Figure 7. RNA expression in aOBSCs reveals previously undescribed genes involved in NSC death, survival and the initiation of differentiation.

aOBSCs (prepared from 7- and 15-month old mice) were cultured and passaged as floating neurospheres as described in Fig. 1. The relative mRNA levels were analyzed using microarray and real time RT-qPCR techniques. (A) The heat map was generated using probes with a range of variation between samples of at least 2 and a FDR <0.01. The color bar at the top represents the gene expression in a log₂ scale: the higher the gene expression level, the redder the color. (B) Pairwise scatter plots of the C2 (top) and C4 (lower) conditions relative to the Ctr condition. The black lines define the boundaries of the two-fold changes in gene expression between paired samples. Genes up-regulated in ordinate versus abscissas samples are shown in red circles, while down-regulated genes are shown in green. Orange dots indicate the positions of some key genes, including markers of NSCs (Sox2 and Pax6) and of upregulated genes (Cox6a2, Pla2g7, Cryab, Ndrg2, Dscaml1 and Gpr17). The color bar to the right indicates the scattering density, whereby the higher the scattering density, the darker the blue color. (C) The pie chart shows the frequency of GO terms in the “biological process” category. (D) GO enrichment analysis revealed up to 10 GO terms that were statistically enriched in C4 cultures when compared with the controls. (E) The graph shows the relative changes in the mRNA levels of selected transcripts expressed in C2 and C4 cultures when compared with controls, and as measured by real time RT-qPCR. The aOBSCs supplemented every 4 days with growth factors exhibited alterations in genes involved in cell death and survival (Cryab), lipid catabolic processes (Pla2g7), cell adhesion (Dscaml1), cell differentiation (Dscaml1, Gpr17, S100b, Ndrg2) and signal transduction (Gpr17, Ndrg2). The results represent the mean ± SEM of 3 experiments.
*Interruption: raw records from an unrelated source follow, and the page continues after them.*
lemma dF_le_of_closed_fan:
  assumes "M \<subseteq> E" "proper M \<phi>" "fan M \<phi> v fs"
    and "disjoint_family_on (missing M \<phi>) (insert v (snd ` set fs))"
    and "\<And>e y. e \<in> M \<Longrightarrow> v \<in> ends e \<Longrightarrow> y \<in> snd ` set fs \<Longrightarrow> \<phi> e \<in> missing M \<phi> y \<Longrightarrow> e \<in> fst ` set fs"
    and U_fan: "Uk V E ends M k v \<subseteq> snd ` set fs"
  shows "int (dF V E ends M k v) \<le> int (deg M ends v) -
           (\<Sum>w\<in>Uk V E ends M k v. int k - int (deg M ends w) - int (mult E ends v w))"
proof -
  let ?F = "Fk V E ends M k v" and ?U = "Uk V E ends M k v" and ?Y = "snd ` set fs"
  let ?miss = "\<lambda>w. card (missing M \<phi> w)"
  have "finite M" using assms(1) finite_E by (rule finite_subset)
  have miss: "int (?miss w) = int k - int (deg M ends w)" for w
    using card_missing[OF assms(2) \<open>finite M\<close>] deg_le_k[OF assms(2) \<open>finite M\<close>] by (simp add: of_nat_diff)
  have F: "finite ?F" "?U \<subseteq> ?F" "v \<notin> ?F"
    using finite_subset[OF _ finite_V] by (auto simp: Fk_def Uk_def nbrs_def)
  have "(if w \<in> ?U then ?miss w else mult E ends v w) \<le> (if w \<in> ?Y then ?miss w else mult M ends v w)"
    if "w \<in> ?F" for w
  proof -
    have "mult E ends v w \<le> ?miss w" using that miss[of w] by (simp add: Fk_def)
    moreover have "w \<notin> ?U \<Longrightarrow> mult E ends v w \<le> mult M ends v w" using that by (simp add: Uk_def)
    ultimately show ?thesis using U_fan by auto
  qed
  then have "(\<Sum>w\<in>?F. if w \<in> ?U then ?miss w else mult E ends v w)
      \<le> (\<Sum>w\<in>?F. if w \<in> ?Y then ?miss w else mult M ends v w)"
    by (rule sum_mono)
  also have "\<dots> = (\<Sum>w\<in>?F \<inter> ?Y. ?miss w) + (\<Sum>w\<in>?F - ?Y. mult M ends v w)"
    using F(1) by (simp add: sum.If_cases Diff_eq)
  also have "\<dots> \<le> (\<Sum>w\<in>?Y. ?miss w) + (\<Sum>w\<in>?F - ?Y. mult M ends v w)"
    by (simp add: sum_mono2)
  also have "\<dots> \<le> deg M ends v"
    using F(1,3) by (intro missing_sum_le_deg[OF assms(1-5)]) auto
  finally have "(\<Sum>w\<in>?U. ?miss w) + (\<Sum>w\<in>?F - ?U. mult E ends v w) \<le> deg M ends v"
    using F(1,2) by (simp add: sum.If_cases Diff_eq Int_absorb1)
  moreover have "dF V E ends M k v = (\<Sum>w\<in>?U. mult E ends v w) + (\<Sum>w\<in>?F - ?U. mult E ends v w)"
    unfolding dF_def using sum.subset_diff[OF F(2,1), of "mult E ends v"] by (simp add: add.commute)
  moreover have "(\<Sum>w\<in>?U. int k - int (deg M ends w) - int (mult E ends v w))
      = int (\<Sum>w\<in>?U. ?miss w) - int (\<Sum>w\<in>?U. mult E ends v w)"
    by (simp add: miss sum_subtractf)
  ultimately show ?thesis by linarith
qed

end

theorem mainTheorem3:
  fixes V :: "'v set" and E :: "'e set" and ends :: "'e \<Rightarrow> 'v set"
    and M :: "'e set" and k :: nat and v :: 'v
  assumes "loopless_multigraph V E ends"
    and "k \<ge> 1"
    and "maximal_k_colorable E ends k M"
    and "v \<in> V"
    and "deg M ends v < k"
  shows "int (dF V E ends M k v) \<le> int (deg M ends v) -
           (\<Sum>w\<in>Uk V E ends M k v. int k - int (deg M ends w) - int (mult E ends v w))"
proof -
  interpret multigraph_k_colouring V E ends k by standard (fact assms(1))
  have M: "M \<subseteq> E" "\<not> extendable M"
    using assms(3) maximal_not_extendable by (auto simp: maximal_k_colorable_def)
  obtain \<phi> where \<phi>: "proper M \<phi>"
    using assms(3) by (auto simp: maximal_k_colorable_def k_edge_colorable_def)
  have "card (missing M \<phi> v) > 0"
    using card_missing[OF \<phi> finite_subset[OF M(1) finite_E]] assms(5) by simp
  then obtain \<beta> where \<beta>: "\<beta> \<in> missing M \<phi> v" by (metis card.empty ex_in_conv less_irrefl)
  obtain fs\<^sub>0 where fs\<^sub>0: "fan M \<phi> v fs\<^sub>0" "\<And>e w. e \<in> E - M \<Longrightarrow> ends e = {v, w} \<Longrightarrow> w \<in> snd ` set fs\<^sub>0"
    using uncoloured_fan_exists[of M \<phi> v] by blast
  obtain fs where fan: "fan M \<phi> v fs" and covers: "snd ` set fs\<^sub>0 \<subseteq> snd ` set fs"
    and closed: "\<And>e y. e \<in> M \<Longrightarrow> v \<in> ends e \<Longrightarrow> y \<in> snd ` set fs \<Longrightarrow> \<phi> e \<in> missing M \<phi> y \<Longrightarrow> e \<in> fst ` set fs"
    using closed_fan_exists[OF M(1) fs\<^sub>0(1)] by blast
  have "Uk V E ends M k v \<subseteq> snd ` set fs"
  proof
    fix w assume "w \<in> Uk V E ends M k v"
    then obtain e where "e \<in> E - M" "ends e = {v, w}" using Uk_uncoloured_edge[OF M(1)] by blast
    then show "w \<in> snd ` set fs" using fs\<^sub>0(2) covers by blast
  qed
  then show ?thesis
    using closed by (intro dF_le_of_closed_fan[OF M(1) \<phi> fan fan_elementary[OF M(1) \<phi> \<beta> M(2) fan]])
qed
(* Let $n\ge2$, $Q>0$ real, and let $P\in\mathrm{Mat}(n^2,\mathbb{C})$ be a nontrivial solution of rank $r$ to $$P^*=P,\quad P^2=P,\quad Q^2(P_1P_2P_1-P_2P_1P_2)=P_1-P_2,$$ where $P_1=P\otimes I_n$, $P_2=I_n\otimes P$. Let $k=\tfrac12\operatorname{rank}(P_1-P_2)$. (a) $\operatorname{rank}(Q^2P_1P_2P_1-P_1)=\operatorname{rank}(Q^2P_2P_1P_2-P_2)=rn-k$. (b) $P$ satisfies $Q^2P_1P_2P_1=P_1$ and $Q^2P_2P_1P_2=P_2$ (i.e. $P$ is of Temperley–Lieb type) if and only if $k=rn$.
   Context: $I_n$ is the $n\times n$ identity matrix and $\otimes$ is the Kronecker product. A solution is trivial if $P=0$ or $P=I_n\otimes I_n$, nontrivial otherwise. *)

theory Defs
  imports "HOL-Analysis.Analysis"
begin

definition kron :: "'a::times^'n^'n \<Rightarrow> 'a^'m^'m \<Rightarrow> 'a^('n \<times> 'm)^('n \<times> 'm)" where
  "kron A B = (\<chi> p q. A $ fst p $ fst q * B $ snd p $ snd q)"

definition adjoint_mat :: "complex^'n^'m \<Rightarrow> complex^'m^'n" where
  "adjoint_mat A = (\<chi> i j. cnj (A $ j $ i))"

text \<open>Canonical identification of index sets n \<times> (n \<times> n) \<cong> (n \<times> n) \<times> n
  (associativity of the tensor product), used to compare I\<otimes>P with P\<otimes>I.\<close>
definition reassoc :: "'a^('x::finite \<times> ('y::finite \<times> 'z::finite))^('x \<times> ('y \<times> 'z)) \<Rightarrow> 'a^(('x \<times> 'y) \<times> 'z)^(('x \<times> 'y) \<times> 'z)" where
  "reassoc M = (\<chi> p q. M $ (fst (fst p), snd (fst p), snd p) $ (fst (fst q), snd (fst q), snd q))"
(* Let $\mathcal{A}$ be a fixed (non-random) partition of $\Theta$ into measurable sets, and let $(\theta_1,\mathbf{X}_1),\dots,(\theta_B,\mathbf{X}_B),(\theta,\mathbf{X})$ be i.i.d. pairs with $\theta_b \sim r$ and $\mathbf{X}_b \mid \theta_b$ distributed according to the statistical model at $\theta_b$ (and likewise for $(\theta,\mathbf{X})$). Fix $A \in \mathcal{A}$ with $\mathbb{P}(\theta \in A) > 0$ and $\alpha\in(0,1)$. Let $I_A = \{b \in \{1,\dots,B\} : \theta_b \in A\}$, define for $t\in\mathbb{R}$ $$\widehat H_B(t \mid A) = \frac{1}{|I_A|+1}\Big(\sum_{b \in I_A} \mathbb{I}\big(\tau(\mathbf{X}_b,\theta_b) \le t\big) + 1\Big),$$ and let $\widehat C_{A,B} = \inf\{t \in \mathbb{R} : \widehat H_B(t\mid A) \ge \alpha\}$ (the adjusted $\alpha$-quantile; possibly $-\infty$). For $\theta' \in A$ set $\widehat C_{\theta',B} := \widehat C_{A,B}$, and let $\widehat R_B(\mathbf{X}) = \{\theta' \in \Theta : \tau(\mathbf{X},\theta') \ge \widehat C_{\theta',B}\}$. Then $$\mathbb{P}\big(\theta \in \widehat R_B(\mathbf{X}) \mid \theta \in A\big) \ge 1-\alpha,$$ where the probability is over both the simulated data and the new pair $(\theta,\mathbf{X})$.
   Context: A statistical model gives, for each parameter $\theta \in \Theta$, a distribution of the data $\mathbf{X}\in\mathcal{X}$; $r$ is a reference probability distribution on $\Theta$. A fixed measurable function $\tau : \mathcal{X}\times\Theta \to \mathbb{R}$ (a test statistic) is given, and for every $\theta$ the conditional distribution of $\tau(\mathbf{X},\theta)$ given $\theta$ is continuous (has no atoms). *)

theory Defs
  imports "HOL-Probability.Probability"
begin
Figure 8. Maps of the KEGG significantly enriched pathways associated with genes upregulated in C4 versus control cultures.
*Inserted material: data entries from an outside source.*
(* Let $\mathcal{M}_\Sigma$ be a trace monoid, let $S,T\subseteq\Sigma$ and $p\in(0,p_S)$. Consider the following recursive randomized procedure $\mathrm{A}_1(p,S,T)$: if $S\cap T=\emptyset$, return $\mathbf{e}$; otherwise choose $a_1\in S\cap T$, set $r=1-\mu_S(p)/\mu_{S\setminus\{a_1\}}(p)$, draw an integer $K$ with $\mathbb{P}(K=k)=(1-r)r^k$ ($k\geqslant0$), set $\xi=\mathbf{e}$, then for $i=0,\dots,K-1$ compute $v_i=\mathrm{A}_1(p,S\setminus\{a_1\},\mathscr{L}(a_1))$ (independently) and set $\xi\gets\xi\cdot v_i\cdot a_1$; finally compute $v_K=\mathrm{A}_1(p,S\setminus\{a_1\},T)$, set $\xi\gets\xi\cdot v_K$ and return $\xi$. Then the output $\xi\in\mathcal{M}_S$ has law $D^{p}_{S,T}$, i.e. $B_{S,p}(\,\cdot\mid\max(\xi)\subseteq T)$. Moreover, assume all real numbers $\mu_X(p)$ ($X\subseteq\Sigma$) are precomputed; that choosing an element of the intersection of two subsets of $\Sigma$, a function call, a variable assignment and a multiplication in $\mathcal{M}_\Sigma$ each take a constant number of steps; and that drawing a random integer with value $X$ takes at most a constant times $X+1$ steps. Then there is a constant $C$ (depending only on these cost constants) such that every execution of $\mathrm{A}_1(p,S,T)$ outputting $\xi$ takes at most $C(|\Sigma|+1)(|\xi|+1)$ steps, i.e. $\mathcal{O}(|\Sigma|(|\xi|+1))$ steps.
   Context: Let $\Sigma$ be a finite alphabet and $\mathcal{R}$ a reflexive and symmetric binary relation on $\Sigma$. The trace monoid $\mathcal{M}_\Sigma$ is the quotient of $\Sigma^*$ by the congruence generated by $ab=ba$ for all $(a,b)\notin\mathcal{R}$; unit $\mathbf{e}$. For $\Sigma'\subseteq\Sigma$, $\mathcal{M}_{\Sigma'}$ is the submonoid generated by $\Sigma'$. $|x|$ is the length of $x$; $\max(x)$ is the set of letters $a$ with $x=y\cdot a$ for some trace $y$. $\mathscr{L}(a)=\{b\in\Sigma:(a,b)\in\mathcal{R}\}$. For $S\subseteq\Sigma$, a clique of $S$ is a subset of $S$ of pairwise non-$\mathcal{R}$-related letters (empty set included); $\mu_S(X)=\sum_{\gamma\text{ clique of }S}(-1)^{|\gamma|}X^{|\gamma|}$, $\mu_\emptyset=1$. For $S\neq\emptyset$, $p_S$ is the unique root of smallest modulus of $\mu_S$ (real, $0<p_S\leqslant1$); $p_\emptyset=+\infty$; $p_S\leqslant p_{S'}$ when $S'\subseteq S$. For $p\in(0,p_S)$, $\sum_{x\in\mathcal{M}_S}p^{|x|}=1/\mu_S(p)<\infty$ and $B_{S,p}$ is the probability distribution on $\mathcal{M}_S$ with $B_{S,p}(\{x\})=\mu_S(p)p^{|x|}$. $D^{p}_{S,T}=B_{S,p}(\,\cdot\mid\max(\xi)\subseteq T)$. *)

theory Defs
  imports "HOL-Probability.Probability"
begin

definition swap1 :: "('a \<Rightarrow> 'a \<Rightarrow> bool) \<Rightarrow> 'a list \<Rightarrow> 'a list \<Rightarrow> bool" where
  "swap1 R u v \<longleftrightarrow> (\<exists>x y a b. u = x @ [a, b] @ y \<and> v = x @ [b, a] @ y \<and> \<not> R a b)"

definition tr :: "('a \<Rightarrow> 'a \<Rightarrow> bool) \<Rightarrow> 'a list \<Rightarrow> 'a list set" where
  "tr R w = {v. equivclp (swap1 R) w v}"

definition traces :: "('a \<Rightarrow> 'a \<Rightarrow> bool) \<Rightarrow> 'a set \<Rightarrow> 'a list set set" where
  "traces R S = tr R ` lists S"

definition tunit :: "('a \<Rightarrow> 'a \<Rightarrow> bool) \<Rightarrow> 'a list set" where
  "tunit R = tr R []"

definition tmult :: "('a \<Rightarrow> 'a \<Rightarrow> bool) \<Rightarrow> 'a list set \<Rightarrow> 'a list set \<Rightarrow> 'a list set" where
  "tmult R x y = (\<Union>u\<in>x. \<Union>v\<in>y. tr R (u @ v))"

definition tlen :: "'a list set \<Rightarrow> nat" where
  "tlen x = length (SOME w. w \<in> x)"

definition tmax :: "('a \<Rightarrow> 'a \<Rightarrow> bool) \<Rightarrow> 'a list set \<Rightarrow> 'a set" where
  "tmax R x = {a. \<exists>y \<in> range (tr R). x = tmult R y (tr R [a])}"

definition Lset :: "'a set \<Rightarrow> ('a \<Rightarrow> 'a \<Rightarrow> bool) \<Rightarrow> 'a \<Rightarrow> 'a set" where
  "Lset \<Sigma> R a = {b \<in> \<Sigma>. R a b}"

definition is_clique :: "('a \<Rightarrow> 'a \<Rightarrow> bool) \<Rightarrow> 'a set \<Rightarrow> 'a set \<Rightarrow> bool" where
  "is_clique R S \<gamma> \<longleftrightarrow> \<gamma> \<subseteq> S \<and> (\<forall>a\<in>\<gamma>. \<forall>b\<in>\<gamma>. a \<noteq> b \<longrightarrow> \<not> R a b)"

definition mu :: "('a \<Rightarrow> 'a \<Rightarrow> bool) \<Rightarrow> 'a set \<Rightarrow> 'b::comm_ring_1 \<Rightarrow> 'b" where
  "mu R S X = (\<Sum>\<gamma> \<in> {\<gamma>. is_clique R S \<gamma>}. (-1) ^ card \<gamma> * X ^ card \<gamma>)"

text \<open>p_S: modulus of a (complex) root of smallest modulus of mu_S; +infinity if no roots
  (in particular p_{empty} = +infinity).\<close>
definition pS :: "('a \<Rightarrow> 'a \<Rightarrow> bool) \<Rightarrow> 'a set \<Rightarrow> ereal" where
  "pS R S = Inf ((\<lambda>z. ereal (cmod z)) ` {z::complex. mu R S z = 0})"

definition Bw :: "('a \<Rightarrow> 'a \<Rightarrow> bool) \<Rightarrow> 'a set \<Rightarrow> real \<Rightarrow> 'a list set \<Rightarrow> real" where
  "Bw R S p x = mu R S p * p ^ tlen x"

definition Dpt :: "('a \<Rightarrow> 'a \<Rightarrow> bool) \<Rightarrow> 'a set \<Rightarrow> 'a set \<Rightarrow> real \<Rightarrow> 'a list set \<Rightarrow> real" where
  "Dpt R S T p x =
     (if x \<in> traces R S \<and> tmax R x \<subseteq> T
      then Bw R S p x / (\<Sum>\<^sub>\<infinity>y \<in> {y \<in> traces R S. tmax R y \<subseteq> T}. Bw R S p y)
      else 0)"

text \<open>Per iteration: a function call, two multiplications, an assignment to xi and one
  for the loop counter.\<close>
primrec loopA :: "('a \<Rightarrow> 'a \<Rightarrow> bool) \<Rightarrow> nat \<Rightarrow> nat \<Rightarrow> nat \<Rightarrow> ('a list set \<times> nat) pmf \<Rightarrow> 'a
    \<Rightarrow> nat \<Rightarrow> ('a list set \<times> nat) pmf" where
  "loopA R ccall casg cmul D1 a 0 = return_pmf (tunit R, 0)"
| "loopA R ccall casg cmul D1 a (Suc k) =
     bind_pmf (loopA R ccall casg cmul D1 a k) (\<lambda>(\<xi>, c).
     bind_pmf D1 (\<lambda>(v, c').
     return_pmf (tmult R (tmult R \<xi> v) (tr R [a]), c + ccall + c' + 2 * cmul + casg + casg)))"

text \<open>Algorithm A_1(p,S,T), instrumented: returns the joint law of (output, number of steps).
  ch is the rule used to choose a_1 in S \<inter> T; cch, ccall, casg, cmul are the costs of a
  choice (also charged for the emptiness test of S \<inter> T), a function call, an assignment
  and a multiplication; g K is the cost of drawing the random integer K.
  The recursion is written with an explicit fuel argument n; A1 calls it with n = card S,
  and since a_1 \<in> S every recursive call is on S - {a_1} with fuel card (S - {a_1}), so for
  finite S the fuel never runs out before S \<inter> T = {} (fuel 0 means S = {}).\<close>
primrec A1n :: "nat \<Rightarrow> 'a set \<Rightarrow> ('a \<Rightarrow> 'a \<Rightarrow> bool) \<Rightarrow> ('a set \<Rightarrow> 'a set \<Rightarrow> 'a) \<Rightarrow> real
    \<Rightarrow> nat \<Rightarrow> nat \<Rightarrow> nat \<Rightarrow> nat \<Rightarrow> (nat \<Rightarrow> nat) \<Rightarrow> 'a set \<Rightarrow> 'a set
    \<Rightarrow> ('a list set \<times> nat) pmf" where
  "A1n 0 \<Sigma> R ch p cch ccall casg cmul g S T = return_pmf (tunit R, cch + casg)"
| "A1n (Suc n) \<Sigma> R ch p cch ccall casg cmul g S T =
    (if S \<inter> T = {} then return_pmf (tunit R, cch + casg)
     else
       let a = ch S T;
           r = 1 - mu R S p / mu R (S - {a}) p;
           D1 = A1n n \<Sigma> R ch p cch ccall casg cmul g (S - {a}) (Lset \<Sigma> R a);
           D2 = A1n n \<Sigma> R ch p cch ccall casg cmul g (S - {a}) T
       in bind_pmf (geometric_pmf (1 - r)) (\<lambda>K.
          bind_pmf (loopA R ccall casg cmul D1 a K) (\<lambda>(\<xi>, c).
          bind_pmf D2 (\<lambda>(v, c').
          return_pmf (tmult R \<xi> v,
             cch + cch + casg + g K + casg + c + ccall + c' + cmul + casg)))))"

definition A1 :: "'a set \<Rightarrow> ('a \<Rightarrow> 'a \<Rightarrow> bool) \<Rightarrow> ('a set \<Rightarrow> 'a set \<Rightarrow> 'a) \<Rightarrow> real
    \<Rightarrow> nat \<Rightarrow> nat \<Rightarrow> nat \<Rightarrow> nat \<Rightarrow> (nat \<Rightarrow> nat) \<Rightarrow> 'a set \<Rightarrow> 'a set
    \<Rightarrow> ('a list set \<times> nat) pmf" where
  "A1 \<Sigma> R ch p cch ccall casg cmul g S T = A1n (card S) \<Sigma> R ch p cch ccall casg cmul g S T"

end

(*
  Traces are handled through words: by the projection lemma, two words represent the same
  trace iff their projections onto every pair of dependent letters agree, which makes maximal
  letters and cancellation explicit.

  Let a be the chosen letter of S \<inter> T. A trace over S whose maximal letters lie in T factors
  uniquely as \<xi> \<cdot> v, where a is the only maximal letter of \<xi> and v avoids a; and such a \<xi>
  with k + 1 letters a factors uniquely as \<xi>' \<cdot> u \<cdot> a, where \<xi>' is of the same kind with k
  letters a and u is a trace over S - {a} whose maximal letters depend on a. These are exactly
  the shapes produced by the loop and the final recursive call of A_1, so by induction on |S|
  the output has weight p^|x| \<mu>_S(p) / \<mu>_{S-T}(p) at every x with max(x) \<subseteq> T; the
  recursion \<mu>_S = \<mu>_{S-a} - X \<mu>_{S-L(a)} on cliques is what makes the geometric number of
  iterations fit. As the weights sum to one, this evaluates the partition function and
  identifies the law with D^p_{S,T}; comparing the partition functions of M_{S'} \<subseteq> M_S then
  gives the positivity of all \<mu>_{S'}(p) that the induction needs.

  For the running time, every iteration of the loop contributes a letter a to the output, and
  the recursion depth is at most |S|.
*)

theory Submission
  imports Defs
begin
The KEGG pathway enrichment analysis revealed two significantly enriched pathways with the following maps. (A) axon guidance (p = 6.274e-03; Dcc, Eph5a, Plxnb1, Plxnb3 and Srgap3); and (B) neuroactive ligand-receptor interaction (p = 1.834e−02; Adcyap1r1, Gabbr1, Grin3a, Grm3 and Lpar4). In each map the upregulated genes are depicted in red.